Material supplied ->
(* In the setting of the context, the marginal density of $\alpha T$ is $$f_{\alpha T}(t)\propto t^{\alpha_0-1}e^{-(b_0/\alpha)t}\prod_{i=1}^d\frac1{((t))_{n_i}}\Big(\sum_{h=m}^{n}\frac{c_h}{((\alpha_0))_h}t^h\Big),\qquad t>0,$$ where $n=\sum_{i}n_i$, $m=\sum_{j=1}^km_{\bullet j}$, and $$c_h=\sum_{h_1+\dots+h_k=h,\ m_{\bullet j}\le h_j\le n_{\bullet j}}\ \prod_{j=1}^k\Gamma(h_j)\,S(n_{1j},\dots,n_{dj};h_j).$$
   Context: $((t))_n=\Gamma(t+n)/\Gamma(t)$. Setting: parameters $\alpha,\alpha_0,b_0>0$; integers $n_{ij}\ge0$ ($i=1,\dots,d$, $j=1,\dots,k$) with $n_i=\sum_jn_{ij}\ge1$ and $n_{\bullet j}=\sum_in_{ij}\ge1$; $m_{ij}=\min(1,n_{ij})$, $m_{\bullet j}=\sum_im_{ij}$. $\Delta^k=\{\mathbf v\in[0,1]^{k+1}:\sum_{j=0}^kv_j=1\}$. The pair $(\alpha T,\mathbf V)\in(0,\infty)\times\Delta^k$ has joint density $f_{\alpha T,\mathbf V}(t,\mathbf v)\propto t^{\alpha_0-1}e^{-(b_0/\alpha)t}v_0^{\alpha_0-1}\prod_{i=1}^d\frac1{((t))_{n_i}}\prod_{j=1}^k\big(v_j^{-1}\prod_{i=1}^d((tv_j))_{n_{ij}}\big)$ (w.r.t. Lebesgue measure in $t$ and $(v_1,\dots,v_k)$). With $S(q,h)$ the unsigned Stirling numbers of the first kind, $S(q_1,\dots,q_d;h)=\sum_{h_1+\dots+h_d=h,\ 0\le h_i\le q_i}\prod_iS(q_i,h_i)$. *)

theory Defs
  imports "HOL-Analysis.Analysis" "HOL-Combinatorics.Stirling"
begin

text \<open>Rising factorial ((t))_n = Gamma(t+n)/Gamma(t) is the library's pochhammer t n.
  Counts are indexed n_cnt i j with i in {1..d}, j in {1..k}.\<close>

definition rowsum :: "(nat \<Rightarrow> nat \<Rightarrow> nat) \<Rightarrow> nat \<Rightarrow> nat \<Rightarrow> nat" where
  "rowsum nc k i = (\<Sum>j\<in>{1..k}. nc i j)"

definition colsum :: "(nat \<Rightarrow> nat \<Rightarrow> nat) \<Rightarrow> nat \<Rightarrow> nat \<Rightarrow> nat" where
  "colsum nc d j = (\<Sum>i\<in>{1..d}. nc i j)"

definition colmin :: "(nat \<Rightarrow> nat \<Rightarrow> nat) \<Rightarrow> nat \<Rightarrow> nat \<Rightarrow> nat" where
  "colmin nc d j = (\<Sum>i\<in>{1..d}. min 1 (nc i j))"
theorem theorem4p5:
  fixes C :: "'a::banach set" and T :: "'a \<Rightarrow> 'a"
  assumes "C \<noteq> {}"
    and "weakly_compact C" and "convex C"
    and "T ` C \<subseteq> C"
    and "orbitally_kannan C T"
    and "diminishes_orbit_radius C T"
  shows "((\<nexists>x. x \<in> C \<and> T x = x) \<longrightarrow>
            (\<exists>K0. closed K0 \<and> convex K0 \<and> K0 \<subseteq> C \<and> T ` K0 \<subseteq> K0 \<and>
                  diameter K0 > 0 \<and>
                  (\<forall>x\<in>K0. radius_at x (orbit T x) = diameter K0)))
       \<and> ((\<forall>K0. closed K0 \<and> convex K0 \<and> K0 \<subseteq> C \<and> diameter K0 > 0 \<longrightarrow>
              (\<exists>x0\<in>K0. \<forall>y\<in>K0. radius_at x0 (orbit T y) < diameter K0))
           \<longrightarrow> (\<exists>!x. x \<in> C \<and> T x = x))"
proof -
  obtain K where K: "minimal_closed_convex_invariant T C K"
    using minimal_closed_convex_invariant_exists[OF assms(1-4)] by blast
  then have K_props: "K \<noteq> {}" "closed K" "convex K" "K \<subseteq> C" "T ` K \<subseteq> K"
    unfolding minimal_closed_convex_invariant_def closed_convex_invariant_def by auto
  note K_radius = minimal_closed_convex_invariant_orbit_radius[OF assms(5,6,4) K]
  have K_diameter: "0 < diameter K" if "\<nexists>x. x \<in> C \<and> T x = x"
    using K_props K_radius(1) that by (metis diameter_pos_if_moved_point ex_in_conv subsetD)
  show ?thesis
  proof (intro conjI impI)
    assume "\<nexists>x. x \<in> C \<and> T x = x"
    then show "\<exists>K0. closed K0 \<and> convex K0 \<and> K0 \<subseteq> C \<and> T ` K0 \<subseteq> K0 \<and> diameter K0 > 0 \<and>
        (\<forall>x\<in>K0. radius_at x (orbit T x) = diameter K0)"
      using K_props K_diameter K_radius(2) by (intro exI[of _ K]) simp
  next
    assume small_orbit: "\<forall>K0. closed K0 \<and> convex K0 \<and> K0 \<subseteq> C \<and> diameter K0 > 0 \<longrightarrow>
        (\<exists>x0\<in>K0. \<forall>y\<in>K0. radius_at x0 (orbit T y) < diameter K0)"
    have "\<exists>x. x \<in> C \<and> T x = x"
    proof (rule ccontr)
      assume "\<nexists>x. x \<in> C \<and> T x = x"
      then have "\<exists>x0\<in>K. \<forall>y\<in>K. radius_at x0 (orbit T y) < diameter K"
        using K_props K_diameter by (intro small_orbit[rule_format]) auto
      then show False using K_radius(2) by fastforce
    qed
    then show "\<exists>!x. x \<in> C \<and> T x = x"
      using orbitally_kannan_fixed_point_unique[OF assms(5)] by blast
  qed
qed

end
* * *
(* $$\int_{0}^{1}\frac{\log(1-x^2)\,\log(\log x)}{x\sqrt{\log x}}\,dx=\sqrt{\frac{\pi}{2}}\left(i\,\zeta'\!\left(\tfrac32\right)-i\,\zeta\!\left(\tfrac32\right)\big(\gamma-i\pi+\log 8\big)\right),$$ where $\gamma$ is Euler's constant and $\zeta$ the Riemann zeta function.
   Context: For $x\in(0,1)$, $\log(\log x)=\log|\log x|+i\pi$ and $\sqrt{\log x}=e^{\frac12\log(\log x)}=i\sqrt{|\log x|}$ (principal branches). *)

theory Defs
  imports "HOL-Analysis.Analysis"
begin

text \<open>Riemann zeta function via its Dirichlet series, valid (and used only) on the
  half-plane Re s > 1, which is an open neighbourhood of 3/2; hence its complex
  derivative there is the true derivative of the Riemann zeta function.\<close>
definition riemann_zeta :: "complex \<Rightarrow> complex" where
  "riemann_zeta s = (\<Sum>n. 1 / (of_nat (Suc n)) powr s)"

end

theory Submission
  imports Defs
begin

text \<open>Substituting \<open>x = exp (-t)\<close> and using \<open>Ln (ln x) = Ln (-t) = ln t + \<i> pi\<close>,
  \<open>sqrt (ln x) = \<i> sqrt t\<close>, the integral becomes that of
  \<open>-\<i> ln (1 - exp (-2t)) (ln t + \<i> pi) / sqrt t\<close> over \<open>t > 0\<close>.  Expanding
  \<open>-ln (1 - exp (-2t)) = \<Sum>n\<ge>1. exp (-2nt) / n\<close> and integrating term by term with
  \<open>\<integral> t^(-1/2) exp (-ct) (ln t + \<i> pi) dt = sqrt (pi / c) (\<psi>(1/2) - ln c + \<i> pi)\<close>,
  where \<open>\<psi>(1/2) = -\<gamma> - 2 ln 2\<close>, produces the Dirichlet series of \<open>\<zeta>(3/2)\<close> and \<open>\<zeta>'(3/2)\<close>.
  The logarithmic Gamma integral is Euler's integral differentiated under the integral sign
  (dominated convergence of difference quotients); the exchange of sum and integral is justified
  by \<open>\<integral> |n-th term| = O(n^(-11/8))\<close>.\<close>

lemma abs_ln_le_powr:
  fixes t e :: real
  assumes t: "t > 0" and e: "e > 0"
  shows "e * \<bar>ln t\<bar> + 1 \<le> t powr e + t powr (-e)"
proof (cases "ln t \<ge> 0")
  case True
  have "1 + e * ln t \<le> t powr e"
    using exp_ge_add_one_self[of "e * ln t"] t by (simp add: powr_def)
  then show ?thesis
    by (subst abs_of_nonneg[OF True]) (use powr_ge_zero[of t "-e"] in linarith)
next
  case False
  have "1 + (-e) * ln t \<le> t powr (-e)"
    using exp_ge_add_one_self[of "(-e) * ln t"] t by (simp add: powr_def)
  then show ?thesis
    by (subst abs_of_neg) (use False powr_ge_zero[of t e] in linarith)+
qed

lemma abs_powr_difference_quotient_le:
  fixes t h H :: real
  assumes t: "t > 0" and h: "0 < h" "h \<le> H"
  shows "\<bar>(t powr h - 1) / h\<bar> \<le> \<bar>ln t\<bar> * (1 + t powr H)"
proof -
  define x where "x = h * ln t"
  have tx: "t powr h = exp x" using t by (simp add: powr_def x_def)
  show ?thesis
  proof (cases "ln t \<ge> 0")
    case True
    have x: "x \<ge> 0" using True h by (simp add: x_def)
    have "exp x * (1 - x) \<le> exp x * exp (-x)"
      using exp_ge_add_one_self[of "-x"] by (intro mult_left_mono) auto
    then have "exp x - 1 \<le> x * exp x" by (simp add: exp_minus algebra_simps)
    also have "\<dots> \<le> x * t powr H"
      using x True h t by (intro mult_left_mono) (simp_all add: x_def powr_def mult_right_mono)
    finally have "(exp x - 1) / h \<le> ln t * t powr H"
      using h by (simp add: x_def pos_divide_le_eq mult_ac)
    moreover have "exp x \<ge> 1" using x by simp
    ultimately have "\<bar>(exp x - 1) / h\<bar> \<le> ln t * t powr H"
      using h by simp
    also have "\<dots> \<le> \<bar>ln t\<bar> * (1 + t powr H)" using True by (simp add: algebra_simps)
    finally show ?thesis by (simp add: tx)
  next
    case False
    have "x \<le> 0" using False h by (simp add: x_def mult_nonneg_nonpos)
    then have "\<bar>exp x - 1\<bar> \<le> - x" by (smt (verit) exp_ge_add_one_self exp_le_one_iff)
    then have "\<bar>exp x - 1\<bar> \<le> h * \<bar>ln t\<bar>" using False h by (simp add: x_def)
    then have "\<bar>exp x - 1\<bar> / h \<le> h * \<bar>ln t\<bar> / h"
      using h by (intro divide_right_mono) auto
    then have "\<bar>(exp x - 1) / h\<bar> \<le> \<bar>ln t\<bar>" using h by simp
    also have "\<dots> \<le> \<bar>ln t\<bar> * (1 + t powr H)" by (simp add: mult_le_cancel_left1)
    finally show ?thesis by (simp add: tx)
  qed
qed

Problem requirements -> Every line containing the word "longrightarrow" should be copied from the material.

Your response ->
  shows "((\<nexists>x. x \<in> C \<and> T x = x) \<longrightarrow>
       \<and> ((\<forall>K0. closed K0 \<and> convex K0 \<and> K0 \<subseteq> C \<and> diameter K0 > 0 \<longrightarrow>
           \<longrightarrow> (\<exists>!x. x \<in> C \<and> T x = x))"
    assume small_orbit: "\<forall>K0. closed K0 \<and> convex K0 \<and> K0 \<subseteq> C \<and> diameter K0 > 0 \<longrightarrow>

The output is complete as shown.